I have a lot of classes in my project accessed by a singleton like so:
_inline GUI_BS_Map* GUI_GetBS_Map()
{
static GUI_BS_Map obj;
return &obj;
};
As I understand it, this code should be inlined. I have the Visual Studio (2005) options set to inline anything suitable, and my profiler (AQTime) is definitely not set to override the _inlines. However, when I profile the code, there they are, thousands of calls to each of my singleton functions. What could I be missing? (I'm profiling a debug build (to get symbols for the profiler) but with 开发者_运维问答all of the speed optimisations turned on.) Any suggestions much appreciated!
The compiler is free to ignore inline
and _inline
. In Visual C++ you can try __forceinline
that makes the compiler inline functions unless there're serious reasons not to do so (such reasons are listed in the linked MSDN article).
Inline is only a suggestion to the compiler. It may ignore your suggestion or even inline functions that you haven't marked to inline.
I would suggest trying to move the local static outside of your function, recompile, and debug again to check to see if you see a change in behavior. It seems that trying to inline this function with a local static would be an issue.
inline
is a semantic meaning- you can't force the compiler to actually inline anything, it's an implementation detail and it can laugh at you and refuse any time it likes.
As said - the compiler is free to ignore inline.
It is also much more likely to ignore any inline calls when building in Debug to aid in debugging (so breakpoints in inlined functions get snagged correctly etc.).
I'd advise against profiling a debug version though (if you can avoid it), as the VS compiler works very differently between Debug and Release, and you may get erroneous results.....
First, C++ has a inline
keyword, but not _inline
. Is _inline
a macro? A compiler-specific extension? Something related to your profiler?

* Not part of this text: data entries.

(* Let $0\le\alpha\le\beta\le\pi/2$, $P_1,P_2>0$, and let $\theta^*\in[\alpha,\beta]$ be a maximizer of $\phi$ on $[\alpha,\beta]$. (i) On $[\theta^*,\beta]$ consider the upper-diagonal corner curve $x(\theta)=\frac12\ln(1+\phi(\theta))-\frac12\ln(1+\phi_2(\theta))$, $y(\theta)=\frac12\ln(1+\phi_2(\theta))$; then along this curve $\frac{d^2y}{dx^2}\le0$, i.e. $y$ is a concave function of $x$. (ii) On $[\alpha,\theta^*]$ consider the lower-diagonal corner curve $x(\theta)=\frac12\ln(1+\phi_1(\theta))$, $y(\theta)=\frac12\ln(1+\phi(\theta))-\frac12\ln(1+\phi_1(\theta))$; then along this curve $y$ is likewise a concave function of $x$.
   Context: $\phi_1(\theta)=P_1\cos^2(\theta-\alpha)$, $\phi_2(\theta)=P_2\cos^2(\theta-\beta)$, $\phi=\phi_1+\phi_2$. These curves are the corner points (maximizing $R_2$ then $R_1$, resp. $R_1$ then $R_2$, on the dominant face) of the pentagonal rate sets $\{(R_1,R_2)\ge0:R_1\le\mathcal C(\phi_1(\theta)),R_2\le\mathcal C(\phi_2(\theta)),R_1+R_2\le\mathcal C(\phi(\theta))\}$, with rates in nats. *)

theory Defs
  imports "HOL-Analysis.Analysis"
begin

definition phi1 :: "real \<Rightarrow> real \<Rightarrow> real \<Rightarrow> real" where
  "phi1 P1 \<alpha> \<theta> = P1 * (cos (\<theta> - \<alpha>))\<^sup>2"

definition phi2 :: "real \<Rightarrow> real \<Rightarrow> real \<Rightarrow> real" where
  "phi2 P2 \<beta> \<theta> = P2 * (cos (\<theta> - \<beta>))\<^sup>2"

definition phi :: "real \<Rightarrow> real \<Rightarrow> real \<Rightarrow> real \<Rightarrow> real \<Rightarrow> real" where
  "phi P1 P2 \<alpha> \<beta> \<theta> = phi1 P1 \<alpha> \<theta> + phi2 P2 \<beta> \<theta>"

definition Cap :: "real \<Rightarrow> real" where
  "Cap s = ln (1 + s) / 2"

end

theory Submission
  imports Defs
begin

text \<open>Along both corner curves x is strictly decreasing in \<theta>, so y is a function g of x, and g is
concave as soon as the slope (dy/d\<theta>)/(dx/d\<theta>) is nondecreasing in \<theta>; this follows from a
three-point chord inequality obtained with Cauchy's mean value theorem. With D = \<phi>', the slope is
1/(K H - 1) on the upper curve and K H - 1 on the lower one, where K = D/\<phi>2' resp. D/\<phi>1' and
H = (1+\<phi>2)/(1+\<phi>) resp. (1+\<phi>1)/(1+\<phi>). K is monotone because sin(2(\<theta>-\<alpha>))/sin(2(\<beta>-\<theta>)) increases
on (\<alpha>,\<beta>); this also makes \<phi>' change sign at most once, so K \<le> 0 on either side of the maximiser
\<theta>*. H is monotone because \<phi>1 decreases and \<phi>2 increases on [\<alpha>,\<beta>].\<close>

lemma sin_double_cross_le:
  fixes \<alpha> \<beta> s t :: real
  assumes "\<alpha> \<le> s" "s \<le> t" "t \<le> \<beta>" "\<beta> - \<alpha> \<le> pi/2"
  shows "sin (2*(s-\<alpha>)) * sin (2*(\<beta>-t)) \<le> sin (2*(t-\<alpha>)) * sin (2*(\<beta>-s))"
proof -
  define u where "u = 2*(s-\<alpha>) + 2*(\<beta>-t)"
  define v where "v = 2*(t-\<alpha>) + 2*(\<beta>-s)"
  have lhs: "sin (2*(s-\<alpha>)) * sin (2*(\<beta>-t)) = (cos (2*(s+t-\<alpha>-\<beta>)) - cos u)/2"
    unfolding sin_times_sin u_def by (simp add: algebra_simps)
  have rhs: "sin (2*(t-\<alpha>)) * sin (2*(\<beta>-s)) = (cos (2*(s+t-\<alpha>-\<beta>)) - cos v)/2"
    unfolding sin_times_sin v_def by (simp add: algebra_simps)
  have "cos u - cos v = 2 * sin ((u+v)/2) * sin ((v-u)/2)" by (rule cos_diff_cos)
  also have "(u+v)/2 = 2*(\<beta>-\<alpha>)" unfolding u_def v_def by (simp add: field_simps)
  also have "(v-u)/2 = 2*(t-s)" unfolding u_def v_def by (simp add: field_simps)
  also have "2 * sin (2*(\<beta>-\<alpha>)) * sin (2*(t-s)) \<ge> 0" using assms by (simp add: sin_ge_zero)
  finally show ?thesis unfolding lhs rhs by simp
qed

lemma has_real_derivative_cos_sq:
  "((\<lambda>t. P * (cos (t - c))\<^sup>2) has_real_derivative P * sin (2*(c-t))) (at t)"
proof -
  have "sin (2*(c-t)) = - (2 * sin (t-c) * cos (t-c))"
    by (metis minus_diff_eq mult_minus_right sin_double sin_minus)
  then show ?thesis by (auto intro!: derivative_eq_intros simp: power2_eq_square)
qed

lemma has_real_derivative_Cap:
  assumes "(f has_real_derivative f') (at t)" "f t \<ge> 0"
  shows "((\<lambda>t. Cap (f t)) has_real_derivative f' / (2 * (1 + f t))) (at t)"
  using assms unfolding Cap_def by (auto intro!: derivative_eq_intros simp: field_simps)

lemma Cap_deriv_quotient:
  fixes c d m n :: real
  assumes "0 < m" "0 < n" "c \<noteq> 0"
  shows "d / (2 * n) = c / (2 * m) * (d / c * (m / n))"
  using assms by (simp add: field_simps)

lemma one_plus_div_one_plus_mono:
  fixes a a' b b' :: real
  assumes "0 \<le> a'" "a' \<le> a" "0 \<le> b" "b \<le> b'"
  shows "(1 + b) / (1 + a + b) \<le> (1 + b') / (1 + a' + b')"
proof -
  have "(1 + b) * a' \<le> (1 + b') * a" using assms by (intro mult_mono) auto
  then have "(1 + b) * (1 + a' + b') \<le> (1 + b') * (1 + a + b)" by (simp add: algebra_simps)
  then show ?thesis using assms by (simp add: divide_simps)
qed

lemma mult_antimono_nonpos_nonneg:
  fixes k k' h h' :: real
  assumes "k' \<le> k" "k \<le> 0" "0 \<le> h" "h \<le> h'"
  shows "k' * h' \<le> k * h"
proof -
  have "k' * h' \<le> k * h'" using assms by (simp add: mult_right_mono)
  also have "\<dots> \<le> k * h" using assms by (simp add: mult_left_mono_neg)
  finally show ?thesis .
qed

lemma strict_antimono_of_deriv_neg:
  fixes x X :: "real \<Rightarrow> real"
  assumes "\<And>t. t \<in> {p..q} \<Longrightarrow> isCont x t"
    and "\<And>t. t \<in> {p<..<q} \<Longrightarrow> (x has_real_derivative X t) (at t)"
    and "\<And>t. t \<in> {p<..<q} \<Longrightarrow> X t < 0"
    and "p \<le> s" "s < t" "t \<le> q"
  shows "x t < x s"
proof (rule DERIV_neg_imp_decreasing_open[OF \<open>s < t\<close>])
  show "\<exists>y. (x has_real_derivative y) (at z) \<and> y < 0" if "s < z" "z < t" for z
    using assms(2-6) that by (intro exI[of _ "X z"]) auto
  show "continuous_on {s..t} x"
    using assms by (intro continuous_at_imp_continuous_on) auto
qed

lemma param_curve_chord_slopes:
  fixes x y X Y :: "real \<Rightarrow> real"
  assumes cont: "\<And>t. t \<in> {p..q} \<Longrightarrow> isCont x t" "\<And>t. t \<in> {p..q} \<Longrightarrow> isCont y t"
    and deriv: "\<And>t. t \<in> {p<..<q} \<Longrightarrow> (x has_real_derivative X t) (at t)"
      "\<And>t. t \<in> {p<..<q} \<Longrightarrow> (y has_real_derivative Y t) (at t)"
    and neg: "\<And>t. t \<in> {p<..<q} \<Longrightarrow> X t < 0"
    and slope: "\<And>s t. p < s \<Longrightarrow> s \<le> t \<Longrightarrow> t < q \<Longrightarrow> Y s / X s \<le> Y t / X t"
    and order: "p \<le> c" "c < b" "b < a" "a \<le> q"
  shows "(y c - y b) * (x b - x a) \<le> (y b - y a) * (x c - x b)"
proof -
  obtain \<xi> where \<xi>: "b < \<xi>" "\<xi> < a" "(y a - y b) * X \<xi> = (x a - x b) * Y \<xi>"
    using GMVT'[of b a y x X Y] order cont deriv by force
  obtain \<eta> where \<eta>: "c < \<eta>" "\<eta> < b" "(y b - y c) * X \<eta> = (x b - x c) * Y \<eta>"
    using GMVT'[of c b y x X Y] order cont deriv by force
  have "X \<xi> < 0" "X \<eta> < 0" using neg \<xi> \<eta> order by auto
  then have chord_ba: "y b - y a = (x b - x a) * (Y \<xi> / X \<xi>)"
    and chord_cb: "y c - y b = (x c - x b) * (Y \<eta> / X \<eta>)"
    using \<xi>(3) \<eta>(3) by (simp_all add: field_simps)
  have "x a < x b" "x b < x c"
    by (rule strict_antimono_of_deriv_neg[of p q x X], use cont deriv neg order in auto)+
  then have "0 \<le> (x b - x a) * (x c - x b)" by simp
  moreover have "Y \<eta> / X \<eta> \<le> Y \<xi> / X \<xi>" using slope \<xi> \<eta> order by simp
  ultimately have "(x b - x a) * (x c - x b) * (Y \<eta> / X \<eta>) \<le> (x b - x a) * (x c - x b) * (Y \<xi> / X \<xi>)"
    by (intro mult_left_mono)
  then show ?thesis unfolding chord_ba chord_cb by (simp add: ac_simps)
qed

lemma concave_on_param_curve:
  fixes x y X Y :: "real \<Rightarrow> real"
  assumes cont: "\<And>t. t \<in> {p..q} \<Longrightarrow> isCont x t" "\<And>t. t \<in> {p..q} \<Longrightarrow> isCont y t"
    and deriv: "\<And>t. t \<in> {p<..<q} \<Longrightarrow> (x has_real_derivative X t) (at t)"
      "\<And>t. t \<in> {p<..<q} \<Longrightarrow> (y has_real_derivative Y t) (at t)"
    and neg: "\<And>t. t \<in> {p<..<q} \<Longrightarrow> X t < 0"
    and slope: "\<And>s t. p < s \<Longrightarrow> s \<le> t \<Longrightarrow> t < q \<Longrightarrow> Y s / X s \<le> Y t / X t"
  shows "\<exists>g. concave_on (x ` {p..q}) g \<and> (\<forall>t\<in>{p..q}. y t = g (x t))"
proof -
  have dec: "x t < x s" if "p \<le> s" "s < t" "t \<le> q" for s t
    using strict_antimono_of_deriv_neg[of p q x X s t] cont(1) deriv(1) neg that by blast
  have preimage_order: "s < t" if "s \<in> {p..q}" "t \<in> {p..q}" "x t < x s" for s t
  proof (rule ccontr)
    assume "\<not> s < t"
    then consider "t = s" | "t < s" by linarith
    then show False using dec[of t s] that by cases auto
  qed
  have "inj_on x {p..q}"
  proof (rule inj_onI)
    fix s t assume "s \<in> {p..q}" "t \<in> {p..q}" "x s = x t"
    then show "s = t" using dec[of s t] dec[of t s] by (cases s t rule: linorder_cases) auto
  qed
  define g where "g = y \<circ> inv_into {p..q} x"
  have g_x: "g (x t) = y t" if "t \<in> {p..q}" for t
    using \<open>inj_on x {p..q}\<close> that by (simp add: g_def)
  have "connected (x ` {p..q})"
    using cont(1) by (intro connected_continuous_image continuous_at_imp_continuous_on) auto
  then have convex: "convex (x ` {p..q})" by (simp add: connected_convex_1)
  have "concave_on (x ` {p..q}) g"
  proof (rule concave_on_linorderI[OF _ convex])
    fix \<mu> u v :: real assume \<mu>: "0 < \<mu>" "\<mu> < 1" and uv: "u \<in> x ` {p..q}" "v \<in> x ` {p..q}" "u < v"
    define w where "w = (1 - \<mu>) * u + \<mu> * v"
    have "w \<in> x ` {p..q}"
      using convexD[OF convex uv(1,2), of "1 - \<mu>" \<mu>] \<mu> by (simp add: w_def)
    then obtain a b c where abc: "a \<in> {p..q}" "b \<in> {p..q}" "c \<in> {p..q}"
      and xabc: "u = x a" "w = x b" "v = x c"
      using uv by blast
    have wu: "w - u = \<mu> * (v - u)" and vw: "v - w = (1 - \<mu>) * (v - u)"
      unfolding w_def by (simp_all add: algebra_simps)
    have "0 < \<mu> * (v - u)" "0 < (1 - \<mu>) * (v - u)" using \<mu> uv by simp_all
    then have "u < w" "w < v" by (simp_all flip: wu vw)
    then have "c < b" "b < a" using preimage_order abc xabc by auto
    then have "(g v - g w) * (w - u) \<le> (g w - g u) * (v - w)"
      using param_curve_chord_slopes[OF cont deriv neg slope] abc xabc g_x by simp
    then have "(g v - g w) * \<mu> * (v - u) \<le> (g w - g u) * (1 - \<mu>) * (v - u)"
      unfolding wu vw by (simp add: ac_simps)
    then have "(g v - g w) * \<mu> \<le> (g w - g u) * (1 - \<mu>)" using uv by simp
    moreover have "(1 - \<mu>) *\<^sub>R u + \<mu> *\<^sub>R v = w" by (simp add: w_def)
    ultimately show "(1 - \<mu>) * g u + \<mu> * g v \<le> g ((1 - \<mu>) *\<^sub>R u + \<mu> *\<^sub>R v)"
      by (simp add: algebra_simps)
  qed
  with g_x show ?thesis by auto
qed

Second, the C++ compiler generally inlines whatever it likes, and the inline
keyword is, at best, a hint that you'd like to see this function inlined.
The main purpose of the inline
keyword today is not so much to enable the inlining optimization (which the compiler applies pretty aggressively whether or not you tell it to), but instead to suppress the One-Definition-Rule (ODR), so that a function can be fully defined in a header without risking multiple definitions errors from the linker.